(* Consider two settings $(a,c,P,\phi)$ and $(a',c',P',\phi)$ as described in the context. Suppose $a\ge a'$, $c\le c'$, and either $\widetilde P\ge_{FOSD}\widetilde{P'}$ (for the degree marginals) or the degree marginal of $P$ is a mean-preserving spread of that of $P'$, with at least one of these relations strict. Then for every $\theta_i\in\Theta$ and all $d_i>d_i'$ in $D$, $$x^{friend}_{a,c,P}(\theta_i,d_i)-x^{friend}_{a,c,P}(\theta_i,d_i')>x^{friend}_{a',c',P'}(\theta_i,d_i)-x^{friend}_{a',c',P'}(\theta_i,d_i')$$ and $$U^{friend}_{a,c,P}(\theta_i,d_i)-U^{friend}_{a,c,P}(\theta_i,d_i')>U^{friend}_{a',c',P'}(\theta_i,d_i)-U^{friend}_{a',c',P'}(\theta_i,d_i').$$
   Context: Fix an integer $n\ge2$, $\phi\in\mathbb{R}$, a compact set $\Theta\subset[0,\infty)$ of types, and $D=\{1,\dots,n-1\}$. A setting $(a,c,P,\phi)$ consists of $a>0$, $c>0$ and a probability distribution $P$ on $\Theta\times D$ (joint type/degree distribution of a generic potential neighbor); $\mathrm{E}_P$ is expectation under $P$, and the neighbor distribution $\widetilde P$ is given by $\widetilde{\mathrm{E}}_P[h(\theta,d)]=\mathrm{E}_P[d\,h(\theta,d)]/\mathrm{E}_P[d]$. In each of the two settings assume $c>a\,\widetilde{\mathrm{E}}_P[d]$ and $\widetilde{\mathrm{E}}_P[\theta]=\mathrm{E}_P[\theta]$; the type marginals of $P$ and $P'$ coincide and put positive probability on $\theta>0$. A strategy is a bounded measurable $x:\Theta\times D\to[0,\infty)$, used by all agents; in the friend game of a setting, an agent of type $\theta_i$ and degree $d_i$ choosing $y\ge0$ when others use $x$ gets $EU^{friend}(y;\theta_i,d_i;x)=\theta_i y+a\,y\,d_i\widetilde{\mathrm{E}}_P[x(\theta,d)]-\frac{c}{2}y^2+\phi(n-1)\mathrm{E}_P[x(\theta,d)]$. A Bayesian equilibrium is a strategy $x$ such that for every $(\theta_i,d_i)$, $x(\theta_i,d_i)$ maximizes this payoff over $y\ge0$ given others use $x$; it exists and is unique, and is denoted $x^{friend}_{a,c,P}$. Let $U^{friend}_{a,c,P}(\theta_i,d_i)=EU^{friend}(x^{friend}_{a,c,P}(\theta_i,d_i);\theta_i,d_i;x^{friend}_{a,c,P})$. $\ge_{FOSD}$ denotes first-order stochastic dominance. *)

theory Defs
  imports "HOL-Analysis.Analysis" "HOL-Probability.Probability"
begin

definition Dset :: "nat \<Rightarrow> nat set" where
  "Dset n = {1..n-1}"

text \<open>Expectation under P (P is a measure on type x degree).\<close>
definition Ex :: "(real \<times> nat) measure \<Rightarrow> (real \<Rightarrow> nat \<Rightarrow> real) \<Rightarrow> real" where
  "Ex P h = (\<integral>z. h (fst z) (snd z) \<partial>P)"

text \<open>Expectation under the neighbor distribution P-tilde.\<close>
definition Ex_nb :: "(real \<times> nat) measure \<Rightarrow> (real \<Rightarrow> nat \<Rightarrow> real) \<Rightarrow> real" where
  "Ex_nb P h = Ex P (\<lambda>\<theta> d. real d * h \<theta> d) / Ex P (\<lambda>\<theta> d. real d)"

definition setting :: "nat \<Rightarrow> real set \<Rightarrow> real \<Rightarrow> real \<Rightarrow> (real \<times> nat) measure \<Rightarrow> bool" where
  "setting n \<Theta> a c P \<longleftrightarrow>
     a > 0 \<and> c > 0 \<and> prob_space P \<and>
     sets P = sets (borel \<Otimes>\<^sub>M count_space UNIV) \<and>
     measure P (\<Theta> \<times> Dset n) = 1 \<and>
     c > a * Ex_nb P (\<lambda>\<theta> d. real d) \<and>
     Ex_nb P (\<lambda>\<theta> d. \<theta>) = Ex P (\<lambda>\<theta> d. \<theta>)"

text \<open>Strategies: bounded measurable nonnegative functions on Theta x D
  (normalised to 0 outside Theta x D, since HOL functions are total).\<close>
definition strategy :: "nat \<Rightarrow> real set \<Rightarrow> (real \<times> nat) measure \<Rightarrow> (real \<Rightarrow> nat \<Rightarrow> real) \<Rightarrow> bool" where
  "strategy n \<Theta> P x \<longleftrightarrow>
     (\<lambda>z. x (fst z) (snd z)) \<in> borel_measurable P \<and>
     (\<exists>B. \<forall>\<theta>\<in>\<Theta>. \<forall>d\<in>Dset n. x \<theta> d \<le> B) \<and>
     (\<forall>\<theta>\<in>\<Theta>. \<forall>d\<in>Dset n. 0 \<le> x \<theta> d) \<and>
     (\<forall>\<theta> d. (\<theta>, d) \<notin> \<Theta> \<times> Dset n \<longrightarrow> x \<theta> d = 0)"

definition EU_friend :: "nat \<Rightarrow> real \<Rightarrow> real \<Rightarrow> real \<Rightarrow> (real \<times> nat) measure \<Rightarrow>
    real \<Rightarrow> real \<Rightarrow> nat \<Rightarrow> (real \<Rightarrow> nat \<Rightarrow> real) \<Rightarrow> real" where
  "EU_friend n \<phi> a c P y \<theta>i di x =
     \<theta>i * y + a * y * real di * Ex_nb P x - c / 2 * y ^ 2 + \<phi> * (real n - 1) * Ex P x"

definition is_friend_eq :: "nat \<Rightarrow> real set \<Rightarrow> real \<Rightarrow> real \<Rightarrow> real \<Rightarrow> (real \<times> nat) measure \<Rightarrow>
    (real \<Rightarrow> nat \<Rightarrow> real) \<Rightarrow> bool" where
  "is_friend_eq n \<Theta> \<phi> a c P x \<longleftrightarrow> strategy n \<Theta> P x \<and>
     (\<forall>\<theta>i\<in>\<Theta>. \<forall>di\<in>Dset n. \<forall>y\<ge>0.
        EU_friend n \<phi> a c P y \<theta>i di x \<le> EU_friend n \<phi> a c P (x \<theta>i di) \<theta>i di x)"

definition x_friend :: "nat \<Rightarrow> real set \<Rightarrow> real \<Rightarrow> real \<Rightarrow> real \<Rightarrow> (real \<times> nat) measure \<Rightarrow>
    real \<Rightarrow> nat \<Rightarrow> real" where
  "x_friend n \<Theta> \<phi> a c P = (THE x. is_friend_eq n \<Theta> \<phi> a c P x)"

definition U_friend :: "nat \<Rightarrow> real set \<Rightarrow> real \<Rightarrow> real \<Rightarrow> real \<Rightarrow> (real \<times> nat) measure \<Rightarrow>
    real \<Rightarrow> nat \<Rightarrow> real" where
  "U_friend n \<Theta> \<phi> a c P \<theta>i di =
     EU_friend n \<phi> a c P (x_friend n \<Theta> \<phi> a c P \<theta>i di) \<theta>i di (x_friend n \<Theta> \<phi> a c P)"

definition fosd_nb :: "(real \<times> nat) measure \<Rightarrow> (real \<times> nat) measure \<Rightarrow> bool" where
  "fosd_nb P P' \<longleftrightarrow> (\<forall>k. Ex_nb P (\<lambda>\<theta> d. if k \<le> d then 1 else 0)
                        \<ge> Ex_nb P' (\<lambda>\<theta> d. if k \<le> d then 1 else 0))"

definition strict_fosd_nb :: "(real \<times> nat) measure \<Rightarrow> (real \<times> nat) measure \<Rightarrow> bool" where
  "strict_fosd_nb P P' \<longleftrightarrow> fosd_nb P P' \<and>
     (\<exists>k. Ex_nb P (\<lambda>\<theta> d. if k \<le> d then 1 else 0)
          > Ex_nb P' (\<lambda>\<theta> d. if k \<le> d then 1 else 0))"

text \<open>The degree marginal of P is a mean-preserving spread of that of P'
  (convex order: E_P f(d) >= E_P' f(d) for all convex f).\<close>
definition mps_deg :: "(real \<times> nat) measure \<Rightarrow> (real \<times> nat) measure \<Rightarrow> bool" where
  "mps_deg P P' \<longleftrightarrow> (\<forall>f. convex_on UNIV f \<longrightarrow>
      Ex P (\<lambda>\<theta> d. f (real d)) \<ge> Ex P' (\<lambda>\<theta> d. f (real d)))"

definition strict_mps_deg :: "(real \<times> nat) measure \<Rightarrow> (real \<times> nat) measure \<Rightarrow> bool" where
  "strict_mps_deg P P' \<longleftrightarrow> mps_deg P P' \<and>
     (\<exists>k. measure P {z \<in> space P. snd z = k} \<noteq> measure P' {z \<in> space P'. snd z = k})"

end

theory Submission
  imports Defs
begin

text \<open>Best responses in the friend game are linear: \<open>x(\<theta>, d) = (\<theta> + a d X) / c\<close>, where the
  neighbour average \<open>X\<close> of actions solves \<open>X = (E[\<theta>] + a m X) / c\<close> with \<open>m\<close> the mean
  neighbour degree, so \<open>X = E[\<theta>] / (c - a m)\<close>. Hence \<open>x(\<theta>, d) - x(\<theta>, d') = (d - d') a X / c\<close>,
  and since utility is \<open>(\<theta> + a d X)\<^sup>2 / (2 c)\<close> plus a term independent of the own degree,
  \<open>U(\<theta>, d) - U(\<theta>, d') = (d - d') (a X / c) (\<theta> + a X (d + d') / 2)\<close>. Both \<open>a X\<close> and
  \<open>a X / c = a E[\<theta>] / (c (c - a m))\<close> grow with \<open>a\<close> and \<open>m\<close> and shrink with \<open>c\<close>.
  First-order dominance of the neighbour degrees raises \<open>m = \<Sum>\<^sub>k P\<^sup>~(d \<ge> k)\<close>; a mean-preserving
  spread raises \<open>m = E[d\<^sup>2] / E[d]\<close> because \<open>d\<^sup>2\<close> is \<open>d\<close> plus a positive combination of the convex
  call payoffs \<open>max 0 (d - s)\<close>, and strictly so because these calls determine the degree
  distribution.\<close>

lemma Dset_bounds: "d \<in> Dset n \<Longrightarrow> 1 \<le> real d \<and> real d \<le> real n"
  by (auto simp: Dset_def)

lemma real_eq_sum_tails:
  assumes "d \<le> N"
  shows "real d = (\<Sum>k\<in>{1..N}. if k \<le> d then 1 else 0)"
proof -
  have "{k\<in>{1..N}. k \<le> d} = {1..d}" using assms by auto
  thus ?thesis by (simp add: sum.If_cases Int_def conj_commute)
qed

lemma square_eq_sum_calls:
  assumes "d \<le> Suc N"
  shows "real d * real d = real d + 2 * (\<Sum>s\<in>{1..N}. max 0 (real d - real s))"
  using assms
proof (induction d)
  case (Suc d)
  have "(\<Sum>s\<in>{1..N}. max 0 (real (Suc d) - real s))
          = (\<Sum>s\<in>{1..N}. max 0 (real d - real s) + (if s \<le> d then 1 else 0))"
    by (rule sum.cong) auto
  also have "\<dots> = (\<Sum>s\<in>{1..N}. max 0 (real d - real s)) + real d"
    using real_eq_sum_tails[of d N] Suc.prems by (simp add: sum.distrib)
  finally show ?case using Suc by (simp add: algebra_simps)
qed simp

locale friend_setting =
  fixes n :: nat and \<Theta> :: "real set" and a c :: real and P :: "(real \<times> nat) measure"
  assumes setting: "setting n \<Theta> a c P"
    and compact_types: "compact \<Theta>" and types_nonneg: "\<Theta> \<subseteq> {0..}"
begin

sublocale prob_space P
  using setting by (simp add: setting_def)

lemma a_pos: "a > 0" and c_pos: "c > 0"
  using setting by (simp_all add: setting_def)

lemma sets_P: "sets P = sets (borel \<Otimes>\<^sub>M count_space UNIV)"
  using setting by (simp add: setting_def)

lemma borel_measurable_uncurry:
  assumes "\<And>d. (\<lambda>t. h t d) \<in> borel_measurable borel"
  shows "(\<lambda>z. h (fst z) (snd z)) \<in> borel_measurable P"
  unfolding measurable_cong_sets[OF sets_P refl]
  by (rule measurable_compose_countable[where f="\<lambda>d z. h (fst z) d"])
    (auto intro: measurable_compose[OF measurable_fst assms])

lemma AE_support: "AE z in P. fst z \<in> \<Theta> \<and> snd z \<in> Dset n"
proof -
  have "\<Theta> \<times> Dset n \<in> sets P"
    unfolding sets_P using compact_types
    by (auto intro!: pair_measureI borel_closed compact_imp_closed)
  moreover have "measure P (\<Theta> \<times> Dset n) = 1"
    using setting by (simp add: setting_def)
  ultimately have "AE z in P. z \<in> \<Theta> \<times> Dset n"
    by (simp add: prob_eq_1)
  thus ?thesis by (auto simp: mem_Times_iff)
qed

lemma integrable_bounded_on_support:
  assumes "\<And>d. (\<lambda>t. h t d) \<in> borel_measurable borel"
    and "\<forall>t\<in>\<Theta>. \<forall>d\<in>Dset n. \<bar>h t d\<bar> \<le> (K :: real)"
  shows "integrable P (\<lambda>z. h (fst z) (snd z))"
  by (rule integrable_const_bound[where B=K])
    (use AE_support assms borel_measurable_uncurry in \<open>auto elim!: AE_mp\<close>)

lemma Ex_cong_support:
  assumes "(\<lambda>z. h (fst z) (snd z)) \<in> borel_measurable P"
    and "(\<lambda>z. g (fst z) (snd z)) \<in> borel_measurable P"
    and "\<forall>t\<in>\<Theta>. \<forall>d\<in>Dset n. h t d = g t d"
  shows "Ex P h = Ex P g"
  unfolding Ex_def
  by (rule integral_cong_AE) (use assms AE_support in \<open>auto elim!: AE_mp\<close>)

lemma types_bounded: obtains B where "\<forall>t\<in>\<Theta>. \<bar>t\<bar> \<le> B"
  using compact_imp_bounded[OF compact_types] by (auto simp: bounded_iff)

lemma integrable_degree_fun: "integrable P (\<lambda>z. f (snd z) :: real)"
proof -
  have "\<forall>t\<in>\<Theta>. \<forall>d\<in>Dset n. \<bar>f d\<bar> \<le> (\<Sum>k\<in>Dset n. \<bar>f k\<bar>)"
    by (auto simp: Dset_def intro: member_le_sum)
  thus ?thesis using integrable_bounded_on_support[of "\<lambda>t d. f d"] by simp
qed

lemma integrable_type: "integrable P fst"
proof -
  obtain B where "\<forall>t\<in>\<Theta>. \<bar>t\<bar> \<le> B" using types_bounded .
  thus ?thesis using integrable_bounded_on_support[of "\<lambda>t d. t" B] by simp
qed

lemma integrable_degree_times_type: "integrable P (\<lambda>z. real (snd z) * fst z)"
proof -
  obtain B where B: "\<forall>t\<in>\<Theta>. \<bar>t\<bar> \<le> B" using types_bounded .
  have "\<forall>t\<in>\<Theta>. \<forall>d\<in>Dset n. \<bar>real d * t\<bar> \<le> real n * B"
    using B Dset_bounds by (fastforce simp: abs_mult intro: mult_mono)
  thus ?thesis using integrable_bounded_on_support[of "\<lambda>t d. real d * t"] by simp
qed

lemma Ex_degree_ge_1: "Ex P (\<lambda>t d. real d) \<ge> 1"
proof -
  have "(\<integral>z. 1 \<partial>P) \<le> (\<integral>z. real (snd z) \<partial>P)"
    by (rule integral_mono_AE)
      (use integrable_degree_fun AE_support Dset_bounds in \<open>auto elim!: AE_mp\<close>)
  thus ?thesis by (simp add: Ex_def prob_space)
qed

• **EXERCISE**
A line in the material may hold the string "raises". Report how many do, and write only the number.

• **ANSWER TO THIS PROBLEM**
2